The notebooks source the following scripts, or these are used to generate preliminary datasets:
- addMLR_countsInWeddellSea.R is called by MLR_WeddellSea_counts.RData.
- changePredictability_DecToOct.R is needed to update the dataset studyarea_points_wNearLandPenguins.RData used in AttributeGrid_withWESEdata.ipynb. The attribution includes information about the predictability of the fast ice throughout the pupping season and over time in the past 5 years.

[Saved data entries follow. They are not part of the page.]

definition bC :: "'a set \<Rightarrow> ('a \<Rightarrow> 'a) \<Rightarrow> 'a set \<Rightarrow> 'a \<Rightarrow> int" where
  "bC V p C v = int (card (Delta V p v)) - int (heightC V p C v) - 1"

text \<open>f_C evaluated at the element of C of height j; the element of height j
  is ch_C of the element of height j+1.\<close>
fun fh :: "'a set \<Rightarrow> ('a \<Rightarrow> 'a) \<Rightarrow> 'a set \<Rightarrow> nat \<Rightarrow> nat" where
  "fh V p C 0 = 0"
| "fh V p C (Suc j) =
     (let w = (THE w. w \<in> C \<and> heightC V p C w = j)
      in if int (fh V p C j) + 1 \<le> bC V p C w then fh V p C j + 1 else fh V p C j)"

definition fC :: "'a set \<Rightarrow> ('a \<Rightarrow> 'a) \<Rightarrow> 'a set \<Rightarrow> 'a \<Rightarrow> nat" where
  "fC V p C v = fh V p C (heightC V p C v)"

definition Bblock :: "'a set \<Rightarrow> ('a \<Rightarrow> 'a) \<Rightarrow> 'a set \<Rightarrow> (nat \<Rightarrow> 'a) \<Rightarrow> nat \<Rightarrow> 'a set" where
  "Bblock V p C v i = {u \<in> V - C. tle V p u (v i) \<and> \<not> tle V p u (v (Suc i))}"

definition sqle :: "'a set \<Rightarrow> ('a \<Rightarrow> 'a) \<Rightarrow> 'a set \<Rightarrow> (nat \<Rightarrow> 'a) \<Rightarrow> 'a \<Rightarrow> 'a \<Rightarrow> bool" where
  "sqle V p C v x y \<longleftrightarrow> (\<exists>i j. i + 2 \<le> card C \<and> j + 2 \<le> card C \<and>
      x \<in> Bblock V p C v i \<and> y \<in> Bblock V p C v j \<and>
      (j < i \<or> (i = j \<and> tle V p y x)))"

end

theory Submission
  imports Defs
begin

(* Let D be the set of descendants of v_(i+1) off the chain C.  Along C the numbers
   b_C count exactly the off-chain descendants, so they decrease downwards, and f_C
   grows by at most one per step and never exceeds b_C of the child it comes from.
   Hence k = f_C(r) <= f_C(v_i) + i <= |D| + i.  In the order on T \ C every element
   of D precedes every other off-chain node (D lies in blocks B_a with a > i, the
   other nodes in blocks B_b with b <= i), so D fills the first |D| >= k - i
   positions after the chain. *)

lemma funpow_fixed_point: "f x = x \<Longrightarrow> (f ^^ n) x = x"
  by (induction n) auto

lemma tle_refl: "x \<in> V \<Longrightarrow> tle V p x x"
  unfolding tle_def by (auto intro: exI[of _ 0])

lemma tle_trans: "tle V p x y \<Longrightarrow> tle V p y z \<Longrightarrow> tle V p x z"
  unfolding tle_def by (metis comp_apply funpow_add)

lemma tle_parent: "x \<in> V \<Longrightarrow> p x \<in> V \<Longrightarrow> tle V p x (p x)"
  unfolding tle_def by (auto intro: exI[of _ 1])

lemma mem_Delta_iff: "x \<in> Delta V p y \<longleftrightarrow> tle V p x y"
  by (simp add: Delta_def)

lemma Delta_subset: "Delta V p y \<subseteq> V"
  by (auto simp: Delta_def tle_def)

lemma tle_antisym:
  assumes tree: "rooted_tree V r p" and xy: "tle V p x y" and yx: "tle V p y x"
  shows "x = y"
proof -
  obtain a b where a: "(p ^^ a) x = y" and b: "(p ^^ b) y = x" and x: "x \<in> V"
    using xy yx unfolding tle_def by auto
  obtain K where K: "(p ^^ K) x = r"
    using tree x unfolding rooted_tree_def by auto
  have r_fixed: "(p ^^ n) r = r" for n
    using tree by (intro funpow_fixed_point) (simp add: rooted_tree_def)
  show ?thesis
  proof (cases "b + a = 0")
    case True
    then show ?thesis using a by simp
  next
    case False
    have "(p ^^ (b + a)) x = x"
      using a b by (simp add: funpow_add)
    then have "(p ^^ ((b + a) * K)) x = x"
      by (metis funpow_mult funpow_fixed_point)
    moreover have "K \<le> (b + a) * K"
      using False by auto
    then have "(b + a) * K = ((b + a) * K - K) + K"
      by simp
    ultimately have "x = r"
      using K r_fixed by (metis comp_apply funpow_add)
    then show ?thesis
      using a r_fixed by simp
  qed
qed

lemma enumeration_initial_segment:
  assumes D: "D \<subseteq> v ` {m..<N}"
    and first: "\<And>a b. a \<in> {m..<N} \<Longrightarrow> b \<in> {m..<N} \<Longrightarrow> v a \<in> D \<Longrightarrow> v b \<notin> D \<Longrightarrow> a \<le> b"
    and j: "m \<le> j" "j < m + card D"
  shows "v j \<in> D"
proof (rule ccontr)
  assume j_notin: "v j \<notin> D"
  have "card D \<le> card (v ` {m..<N})"
    using D by (simp add: card_mono)
  also have "\<dots> \<le> N - m"
    using card_image_le[of "{m..<N}" v] by simp
  finally have "j < N"
    using j by linarith
  have "D \<subseteq> v ` {m..<j}"
  proof
    fix x assume x: "x \<in> D"
    then obtain a where a: "a \<in> {m..<N}" "x = v a"
      using D by auto
    then have "a \<le> j" "a \<noteq> j"
      using first[of a j] x j_notin j \<open>j < N\<close> by auto
    then show "x \<in> v ` {m..<j}"
      using a by auto
  qed
  then have "card D \<le> card (v ` {m..<j})"
    by (simp add: card_mono)
  also have "\<dots> \<le> j - m"
    using card_image_le[of "{m..<j}" v] by simp
  finally show False
    using j by linarith
qed

lemma fh_add_le: "fh V p C (s + d) \<le> fh V p C s + d"
  by (induction d) (auto simp: Let_def)

locale chain_enumeration =
  fixes V :: "'a set" and r :: 'a and p :: "'a \<Rightarrow> 'a" and C :: "'a set" and v :: "nat \<Rightarrow> 'a"
  assumes tree: "rooted_tree V r p"
    and chain: "C \<in> max_chains V p"
    and bij: "bij_betw v {0..<card V} V"
    and top: "v 0 = r"
    and v_in_chain: "\<And>i. i < card C \<Longrightarrow> v i \<in> C"
    and parent: "\<And>i. Suc i < card C \<Longrightarrow> p (v (Suc i)) = v i"
begin

lemma finite_V: "finite V"
  using tree by (simp add: rooted_tree_def)

lemma finite_Delta: "finite (Delta V p x)"
  using finite_V Delta_subset by (rule finite_subset[rotated])

lemma chain_leafE:
  obtains l where "is_leaf V p l" "C = {u. tle V p l u}"
  using chain unfolding max_chains_def by auto

lemma chain_subset: "C \<subseteq> V"
  using chain_leafE by (auto simp: tle_def)

lemma finite_chain: "finite C"
  using chain_subset finite_V by (rule finite_subset)

lemma card_chain_le: "card C \<le> card V"
  using chain_subset finite_V by (rule card_mono[rotated])

lemma v_in_V: "i < card V \<Longrightarrow> v i \<in> V"
  using bij by (auto simp: bij_betw_def)

lemma v_inj: "inj_on v {0..<card V}"
  using bij by (simp add: bij_betw_def)

lemma v_inj_chain: "inj_on v {a..<card C}"
  using card_chain_le by (intro inj_on_subset[OF v_inj]) auto

lemma chain_eq_image: "C = v ` {0..<card C}"
proof -
  have "card (v ` {0..<card C}) = card C"
    using v_inj_chain by (simp add: card_image)
  moreover have "v ` {0..<card C} \<subseteq> C"
    using v_in_chain by auto
  ultimately show ?thesis
    using finite_chain by (metis card_subset_eq)
qed

lemma offchain_eq_image: "V - C = v ` {card C..<card V}"
proof -
  have "V - C = v ` {0..<card V} - v ` {0..<card C}"
    using bij by (simp add: bij_betw_def flip: chain_eq_image)
  also have "\<dots> = v ` ({0..<card V} - {0..<card C})"
    using v_inj card_chain_le by (intro inj_on_image_set_diff[symmetric]) auto
  also have "{0..<card V} - {0..<card C} = {card C..<card V}"
    by auto
  finally show ?thesis .
qed

lemma leaf_in_chain: "is_leaf V p l \<Longrightarrow> C = {u. tle V p l u} \<Longrightarrow> l \<in> C"
  by (simp add: is_leaf_def tle_refl)

lemma card_chain_pos: "0 < card C"
  using chain_leafE leaf_in_chain finite_chain by (metis card_gt_0_iff empty_iff)

lemma tle_chain:
  assumes "a \<le> b" "b < card C"
  shows "tle V p (v b) (v a)"
  using assms
proof (induction b rule: dec_induct)
  case base
  then show ?case
    using card_chain_le v_in_V by (simp add: tle_refl)
next
  case (step n)
  have "Suc n < card V"
    using step.prems card_chain_le by simp
  then have "tle V p (v (Suc n)) (v n)"
    using tle_parent[of "v (Suc n)" V p] parent[of n] step.prems v_in_V[of n] v_in_V[of "Suc n"]
    by simp
  then show ?case
    using step tle_trans by simp
qed

lemma tle_chain_iff:
  assumes "a < card C" "b < card C"
  shows "tle V p (v b) (v a) \<longleftrightarrow> a \<le> b"
proof
  assume ba: "tle V p (v b) (v a)"
  show "a \<le> b"
  proof (rule ccontr)
    assume "\<not> a \<le> b"
    then have "v a = v b"
      using tle_antisym[OF tree ba] tle_chain assms by simp
    then show False
      using \<open>\<not> a \<le> b\<close> assms v_inj card_chain_le by (auto dest: inj_onD)
  qed
qed (use assms tle_chain in simp)

lemma Delta_inter_chain:
  assumes a: "a < card C"
  shows "Delta V p (v a) \<inter> C = v ` {a..<card C}"
proof -
  have "Delta V p (v a) \<inter> v ` {0..<card C} = v ` {a..<card C}"
    using tle_chain_iff[OF a] by (auto simp: mem_Delta_iff)
  then show ?thesis
    by (subst (1) chain_eq_image)
qed

lemma leaf_bottom: "Delta V p (v (card C - 1)) = {v (card C - 1)}"
proof -
  obtain l where l: "is_leaf V p l" "C = {u. tle V p l u}"
    by (rule chain_leafE)
  then have "l \<in> C"
    by (rule leaf_in_chain)
  then obtain a where a: "a < card C" "l = v a"
    using chain_eq_image[THEN equalityD1] by auto
  have "v (card C - 1) \<in> Delta V p l"
    using a tle_chain by (simp add: mem_Delta_iff)
  then have "v (card C - 1) = l"
    using l(1) by (simp add: is_leaf_def)
  then show ?thesis
    using l(1) by (simp add: is_leaf_def)
qed

lemma heightC_chain:
  assumes a: "a < card C"
  shows "heightC V p C (v a) = card C - 1 - a"
proof -
  have "{u \<in> C. tle V p u (v a) \<and> u \<noteq> v a} = v ` {a..<card C} - {v a}"
    using Delta_inter_chain[OF a] by (auto simp: mem_Delta_iff)
  also have "\<dots> = v ` ({a..<card C} - {a})"
    using inj_on_image_set_diff[OF v_inj_chain[of a], of "{a..<card C}" "{a}"] a by simp
  also have "{a..<card C} - {a} = {Suc a..<card C}"
    by auto
  finally show ?thesis
    unfolding heightC_def using v_inj_chain by (simp add: card_image)
qed

lemma bC_chain:
  assumes a: "a < card C"
  shows "bC V p C (v a) = int (card (Delta V p (v a) - C))"
proof -
  have "card (Delta V p (v a) \<inter> C) = card C - a"
    using Delta_inter_chain[OF a] v_inj_chain by (simp add: card_image)
  then have "card (Delta V p (v a)) = card C - a + card (Delta V p (v a) - C)"
    using card_Int_Diff[OF finite_Delta, of _ C] by simp
  then show ?thesis
    unfolding bC_def using heightC_chain[OF a] a by simp
qed

lemma card_offchain_Delta_antimono:
  assumes "a \<le> b" "b < card C"
  shows "card (Delta V p (v b) - C) \<le> card (Delta V p (v a) - C)"
proof -
  have "Delta V p (v b) - C \<subseteq> Delta V p (v a) - C"
    using tle_chain[OF assms] tle_trans by (auto simp: mem_Delta_iff)
  then show ?thesis
    using finite_Delta by (simp add: card_mono)
qed
lemma filterlim_iform_shift:
  assumes "1 \<le> iform c s"
  shows "filterlim (\<lambda>N. iform c (x + int N *s s)) at_top sequentially"
  unfolding filterlim_at_top eventually_sequentially
proof
  fix Z
  have "Z \<le> iform c (x + int N *s s)" if "nat (Z - iform c x) \<le> N" for N
  proof -
    have "int N \<le> int N * iform c s" using mult_left_mono[OF assms, of "int N"] by simp
    then show ?thesis using that by (simp add: iform_add iform_smult)
  qed
  then show "\<exists>N0. \<forall>N\<ge>N0. Z \<le> iform c (x + int N *s s)" by blast
qed

lemma eventually_facet_form_shift_in_image:
  fixes x :: "int^'d"
  assumes "finite A" "int_span A = UNIV" "\<sigma> facet_of real_cone A"
    and "\<tau> face_of real_cone A" "\<tau> \<noteq> {}"
  defines "y \<equiv> \<lambda>N. x + int N *s \<Sum>{a\<in>A. rvec a \<in> \<tau>}"
  shows "\<forall>\<^sub>F N in sequentially.
    rvec (y N) \<in> \<tau> \<longrightarrow> iform (facet_form A \<sigma>) (y N) \<in> iform (facet_form A \<sigma>) ` monoid_of A"
proof (cases "\<tau> \<subseteq> \<sigma>")
  case True
  have "iform (facet_form A \<sigma>) (y N) = iform (facet_form A \<sigma>) 0" if "rvec (y N) \<in> \<tau>" for N
  proof -
    have "rform (facet_form A \<sigma>) (rvec (y N)) = 0"
      using facet_form(1)[OF assms(1-3)] True that unfolding is_facet_form_def by blast
    then show ?thesis by (simp add: rform_eq_inner of_int_iform[symmetric])
  qed
  moreover have "iform (facet_form A \<sigma>) 0 \<in> iform (facet_form A \<sigma>) ` monoid_of A"
    using zero_in_monoid_of by (rule imageI)
  ultimately show ?thesis by (auto intro: always_eventually)
next
  case False
  let ?c = "facet_form A \<sigma>"
  have "\<forall>\<^sub>F n in at_top. n \<in> iform ?c ` monoid_of A"
    using facet_form(1)[OF assms(1-3)] facet_form_nonneg[OF assms(1-3)]
    by (intro eventually_in_iform_monoid[OF _ assms(2)]) (auto simp: is_facet_form_def)
  moreover have "filterlim (\<lambda>N. iform ?c (y N)) at_top sequentially"
    unfolding y_def
    by (rule filterlim_iform_shift[OF one_le_facet_form_face_sum[OF assms(1-5) False]])
  ultimately show ?thesis by (rule eventually_compose_filterlim[THEN eventually_mono]) simp
qed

- compileAllData.R produces the starting dataset used in Count Seals From Tags.ipynb
- countSealsFromTags_functions.R is called by Count Seals From Tags.ipynb, Correct_countsFromGroundCounts.ipynb and AttributeGrid_withWESEdata.ipynb. It provides utility functions called by the notebook.
- fitRegressionModels_functions.R is called by Prepare_WESE_analysisData.ipynb and ContinentalWESE_regressionAnalyses.ipynb. It provides utility functions called by these notebooks.
- fastIceCovars_utils.R is called by Prepare_WESE_analysisData.ipynb and provides utility functions used in that notebook.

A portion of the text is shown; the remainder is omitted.